Points of view: Australian photography 1985-95
Art Gallery of New South Wales 19 November 2005 - 29 January 2006
Points of view explores developments in Australian photography from 1985 to 1995. This was a decade that saw a maturing of the diverse photographic practices which had developed in Australia from the 1970s. The works from this time exhibit a rapid incorporation of contemporary ideas and changes in photographic technique: various forms of colour photography became more accessible and economic; technical sophistication and diversity became more evident as many artists moved to working with laboratories or with printeries to achieve specific effects; or simply, artists became considerably more accomplished in their own darkrooms.
This was also a time when Aboriginal artists (such as Michael Riley, Brenda Croft and Destiny Deacon) were recognised as photographers and artists in their own right rather than as part of what the mainstream considered to be a marginalised social group. In parallel, artists of non-Anglo Saxon descent ceased to be corralled as "multicultural".

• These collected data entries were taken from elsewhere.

lemma GL2H_kernel:
  assumes "(a, b, c, d) \<in> GL2H" "a*x + b*y = 0" "c*x + d*y = 0"
  shows "x = 0 \<and> y = 0"
proof -
  obtain e f g h where "qmat_mult (e, f, g, h) (a, b, c, d) = qmat_id"
    using assms(1) unfolding GL2H_def by auto
  then have inv: "e*a + f*c = 1" "e*b + f*d = 0" "g*a + h*c = 0" "g*b + h*d = 1"
    by (simp_all add: qmat_mult_simp)
  have "x = (e*a + f*c)*x + (e*b + f*d)*y" "y = (g*a + h*c)*x + (g*b + h*d)*y"
    using inv by simp_all
  then have "x = e*(a*x + b*y) + f*(c*x + d*y)" "y = g*(a*x + b*y) + h*(c*x + d*y)"
    by (simp_all add: algebra_simps)
  with assms(2,3) show ?thesis
    by (metis add.right_neutral mult_zero_right)
qed

text \<open>Homogeneous coordinates: \<open>[x : y]\<close> stands for \<open>x y\<inverse>\<close>, and \<open>\<gamma>\<close> acts linearly on
  column vectors.\<close>

definition qmat_apply :: "qmat \<Rightarrow> quat \<times> quat \<Rightarrow> quat \<times> quat" where
  "qmat_apply M v = (case M of (a, b, c, d) \<Rightarrow> case v of (x, y) \<Rightarrow> (a*x + b*y, c*x + d*y))"

definition point_of_coords :: "quat \<times> quat \<Rightarrow> hquat" where
  "point_of_coords v = (case v of (x, y) \<Rightarrow> if y = 0 then Infty else Fin (x * inverse y))"
(* Consider $CP(N)$ with multiplicative rates $\psi(i,j)=2ij$, started from $(N,0,\dots,0)$. Define functions $b_k(t)$, $t\ge0$, $k\ge1$, by $b_1(t)=e^t$ and $$b_k(t)=k\,e^{k^2t}\int_0^t e^{-k^2u}\sum_{i+j=k}b_i(u)b_j(u)\,du,\qquad k\ge2,$$ (sum over ordered pairs of positive integers). These functions do not depend on $N$, and for every $N\ge1$, $t\ge0$ and $\eta=(n_1,\dots,n_N)\in\Omega_N$, $$\mathbb P(X_N^{(\rho)}(t)=\eta)=N!\,e^{-N^2t}\prod_{k=1}^N\frac{(b_k(t))^{n_k}}{k^{n_k}n_k!}.$$
   Context: $\Omega_N$ is the set of partitions $\eta=(n_1,\dots,n_N)$ of $N$ ($\sum_k kn_k=N$). $CP(N)$ is the continuous-time Markov chain on $\Omega_N$ where any two distinct clusters of sizes $i,j$ merge into one of size $i+j$ at rate $\psi(i,j)$; the transition $\eta\to\eta^{(i,j)}$ has rate $n_in_j\psi(i,j)$ for $i\neq j$ and $\frac{n_i(n_i-1)}2\psi(i,i)$ for $i=j$. *)

theory Defs
  imports "HOL-Analysis.Analysis"
begin

text \<open>A state eta = (n_1,...,n_N) is encoded as a function eta :: nat => nat,
  eta k = n_k = number of clusters of size k; entries outside 1..N are 0.\<close>

definition Omega :: "nat \<Rightarrow> (nat \<Rightarrow> nat) set" where
  "Omega N = {eta. (\<forall>k. (k < 1 \<or> k > N) \<longrightarrow> eta k = 0) \<and> (\<Sum>k=1..N. k * eta k) = N}"

definition init_state :: "nat \<Rightarrow> nat \<Rightarrow> nat" where
  "init_state N = (\<lambda>k. if k = 1 then N else 0)"
(* Every $L\in\mathcal L(C_6)$ which is an arithmetical multiprogression with difference $4$ and period $\{0,3,4\}$ lies in $\mathcal L(C_2^5)$.
   Context: $C_n$ denotes a cyclic group of order $n$ and $C_2^r$ an elementary abelian $2$-group of rank $r$; $[a,b]=\{x\in\mathbb Z:a\le x\le b\}$. For a subset $G_0$ of a finite abelian group $G$, a sequence over $G_0$ is an element of the free abelian monoid $\mathcal F(G_0)$ with basis $G_0$ (a finite unordered list of elements of $G_0$, repetitions allowed). $\mathcal B(G_0)$ is the monoid of zero-sum sequences over $G_0$ (including the empty sequence). An atom is a minimal zero-sum sequence, i.e. a nonempty zero-sum sequence that is not a product of two nonempty zero-sum sequences. For $B\in\mathcal B(G_0)$, $\mathsf L(B)=\{k\in\mathbb N_0: B \text{ is a product of } k \text{ atoms}\}$, and $\mathcal L(G_0)=\{\mathsf L(B):B\in\mathcal B(G_0)\}$; $\mathcal L(G)$ is the case $G_0=G$. Arithmetical multiprogression (AMP): for $d\in\mathbb N$ and $\{0,d\}\subset\mathcal D\subset[0,d]$, a set $L\subset\mathbb Z$ is an AMP with difference $d$ and period $\mathcal D$ if $L$ is finite, nonempty, and $L=(\min L+\mathcal D+d\mathbb Z)\cap[\min L,\max L]$. *)

theory Defs
  imports "HOL-Analysis.Finite_Cartesian_Product" "HOL-Library.Numeral_Type" "HOL-Library.Multiset"
begin

text \<open>Sequences over a subset G0 of an abelian group are finite multisets of elements of G0.\<close>

definition zero_sum :: "'a::comm_monoid_add multiset \<Rightarrow> bool" where
  "zero_sum B \<longleftrightarrow> sum_mset B = 0"

definition atom :: "'a::comm_monoid_add multiset \<Rightarrow> bool" where
  "atom B \<longleftrightarrow> B \<noteq> {#} \<and> zero_sum B \<and>
     \<not> (\<exists>C D. C \<noteq> {#} \<and> D \<noteq> {#} \<and> zero_sum C \<and> zero_sum D \<and> B = C + D)"

definition lengths :: "'a::comm_monoid_add multiset \<Rightarrow> nat set" where
  "lengths B = {k. \<exists>As :: 'a multiset list. length As = k \<and> (\<forall>A\<in>set As. atom A) \<and> sum_list As = B}"

definition sets_of_lengths :: "'a::comm_monoid_add set \<Rightarrow> nat set set" where
  "sets_of_lengths G0 = {lengths B | B. set_mset B \<subseteq> G0 \<and> zero_sum B}"

definition is_AMP :: "int set \<Rightarrow> int \<Rightarrow> int set \<Rightarrow> bool" where
  "is_AMP L d D \<longleftrightarrow> d > 0 \<and> {0, d} \<subseteq> D \<and> D \<subseteq> {0..d} \<and> finite L \<and> L \<noteq> {} \<and>
     L = {x. \<exists>y\<in>D. \<exists>k::int. x = Min L + y + d * k} \<inter> {Min L..Max L}"

text \<open>C_6 is the numeral type 6 (integers mod 6); C_2^5 is the type 2^5 (vectors of length 5 over Z/2).\<close>

end

theory Submission
  imports Defs
begin

text \<open>
Over \<open>C\<^sub>6\<close> every atom \<open>A\<close> satisfies \<open>|A| + 5 v\<^sub>0(A) \<le> 6\<close> and \<open>|A| + v\<^sub>0(A) \<ge> 2\<close>, so
\<open>max L \<le> 3 min L\<close>. In the extremal case the shortest factorization consists of atoms \<open>g\<^sup>6\<close>
with \<open>g\<close> a generator, so \<open>B\<close> lives on \<open>{1, 5}\<close>, where every atom has length 2 or 6;
hence all lengths have the parity of \<open>min L\<close> and \<open>min L + 3 \<notin> L\<close>.
For an AMP with difference 4 and period \<open>{0, 3, 4}\<close> this leaves \<open>max L - min L < 2 min L\<close>
(or \<open>L = {0}\<close>), and every such set is realized over \<open>C\<^sub>2\<^sup>5\<close> by
\<open>0\<^sup>z (e\<^sub>0 e\<^sub>1)\<^sup>i (e\<^sub>0 + e\<^sub>1) (e\<^sub>2 e\<^sub>3 e\<^sub>4 s)\<^sup>i\<^sup>+\<^sup>1\<close> with \<open>s = e\<^sub>0 + \<dots> + e\<^sub>4\<close>.
Its atoms are \<open>0\<close>, the pairs \<open>g\<^sup>2\<close> and three squarefree atoms \<open>U, R, W\<close>; every factorization
contains exactly one of \<open>R, W\<close>, and counting multiplicities modulo 2 yields the lengths.
\<close>

section \<open>Atoms and sets of lengths\<close>

lemma atom_not_empty: "atom A \<Longrightarrow> A \<noteq> {#}"
  by (simp add: atom_def)

lemma atom_sum_zero: "atom A \<Longrightarrow> sum_mset A = 0"
  by (simp add: atom_def zero_sum_def)

lemma atom_eq_if_zero_sum_submset:
  fixes A :: "'a::cancel_comm_monoid_add multiset"
  assumes "atom A" "C \<subseteq># A" "C \<noteq> {#}" "sum_mset C = 0"
  shows "C = A"
proof (rule ccontr)
  assume "C \<noteq> A"
  have A: "A = C + (A - C)" using assms(2) by simp
  with \<open>C \<noteq> A\<close> have "A - C \<noteq> {#}" by auto
  moreover have "sum_mset (A - C) = 0"
    using A assms(1,4) by (metis add_0 atom_sum_zero sum_mset.union)
  ultimately show False
    using assms A unfolding atom_def zero_sum_def by blast
qed

lemma atomI:
  fixes A :: "'a::comm_monoid_add multiset"
  assumes "A \<noteq> {#}" "sum_mset A = 0"
    and "\<And>C. C \<subseteq># A \<Longrightarrow> C \<noteq> {#} \<Longrightarrow> sum_mset C = 0 \<Longrightarrow> C = A"
  shows "atom A"
  unfolding atom_def zero_sum_def
  using assms by (metis add_cancel_right_right mset_subset_eq_add_left)

lemma sum_proper_submset_of_atom_nonzero:
  fixes A :: "'a::cancel_comm_monoid_add multiset"
  assumes "atom A" "C \<subseteq># A" "C \<noteq> {#}" "size C < size A"
  shows "sum_mset C \<noteq> 0"
  using atom_eq_if_zero_sum_submset[OF assms(1-3)] assms(4) by auto

lemma atom_singleton_iff: "atom {#a#} \<longleftrightarrow> a = 0"
proof
  assume "a = 0"
  have False if "C \<noteq> {#}" "D \<noteq> {#}" "{#a#} = C + D" for C D :: "'a multiset"
  proof -
    have "size (C + D) = 1" by (metis that(3) size_single)
    then have "size C + size D = 1" "size C \<noteq> 0" "size D \<noteq> 0"
      using that(1,2) by auto
    then show False by linarith
  qed
  then show "atom {#a#}" using \<open>a = 0\<close> unfolding atom_def zero_sum_def by auto
qed (simp add: atom_def zero_sum_def)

Points of view presents the work of 20 artists, including William Yang, Sandy Edwards, Anne Ferran, Ingeborg Tyssen, Destiny Deacon, David Stephenson, Robyn Stacey, Anne Zahalka, Farrell & Parkin, Pat Brassington and Rosemary Laing.
The exhibition covers a number of issues, for example, the ongoing concern with matters of representation regardless of who or what the subject might be; the life of objects within the photographic frame and how the subject operates as a memory trigger or imaginative springboard; and the dynamic relationship between the still and moving image through narrative, series and scale. Points of view follows on from the highly successful 1999 exhibition What is this thing called photography? Australian photography 1975-85, which set the scene for an understanding of the refocusing and diversity of experimentation in photographic practice of 20-30 years ago.
Judy Annear, curator of the exhibition and senior curator photography at the Art Gallery of New South Wales says: "While some commentators in the Australian photography scene saw that photography as we had come to understand it to be could be exhausted as a medium by the mid 1990s, artists in Points of view showed no sign of this exhaustion as they continued to explore and refine their ideas and practice."